Scan the listing below. Report each line that includes "blast".

**Provided data:**
BEGIN
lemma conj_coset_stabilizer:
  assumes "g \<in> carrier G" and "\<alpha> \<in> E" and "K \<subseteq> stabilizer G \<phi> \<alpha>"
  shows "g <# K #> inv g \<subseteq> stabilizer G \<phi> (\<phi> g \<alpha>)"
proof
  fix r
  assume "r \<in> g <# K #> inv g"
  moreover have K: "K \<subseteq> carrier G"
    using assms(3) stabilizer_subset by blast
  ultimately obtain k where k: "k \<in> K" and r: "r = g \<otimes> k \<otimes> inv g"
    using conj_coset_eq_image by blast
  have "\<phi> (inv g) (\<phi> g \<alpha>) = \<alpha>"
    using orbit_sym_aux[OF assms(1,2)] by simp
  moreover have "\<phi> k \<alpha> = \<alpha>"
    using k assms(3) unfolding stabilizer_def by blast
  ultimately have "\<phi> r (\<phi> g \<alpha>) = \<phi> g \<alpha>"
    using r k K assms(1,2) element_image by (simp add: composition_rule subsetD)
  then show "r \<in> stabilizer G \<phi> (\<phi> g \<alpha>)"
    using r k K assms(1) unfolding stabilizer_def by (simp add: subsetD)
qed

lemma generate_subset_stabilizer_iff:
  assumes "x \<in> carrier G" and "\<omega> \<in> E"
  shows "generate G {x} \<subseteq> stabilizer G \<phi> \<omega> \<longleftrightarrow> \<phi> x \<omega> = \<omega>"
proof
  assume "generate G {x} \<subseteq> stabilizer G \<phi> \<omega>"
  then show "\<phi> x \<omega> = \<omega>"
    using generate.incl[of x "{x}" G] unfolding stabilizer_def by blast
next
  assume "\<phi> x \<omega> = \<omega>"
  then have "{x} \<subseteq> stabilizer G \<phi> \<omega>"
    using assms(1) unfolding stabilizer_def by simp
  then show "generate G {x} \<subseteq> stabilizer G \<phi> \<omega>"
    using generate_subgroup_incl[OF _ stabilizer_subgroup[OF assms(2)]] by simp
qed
END
**Reply:**
    using assms(3) stabilizer_subset by blast
    using conj_coset_eq_image by blast
    using k assms(3) unfolding stabilizer_def by blast
    using generate.incl[of x "{x}" G] unfolding stabilizer_def by blast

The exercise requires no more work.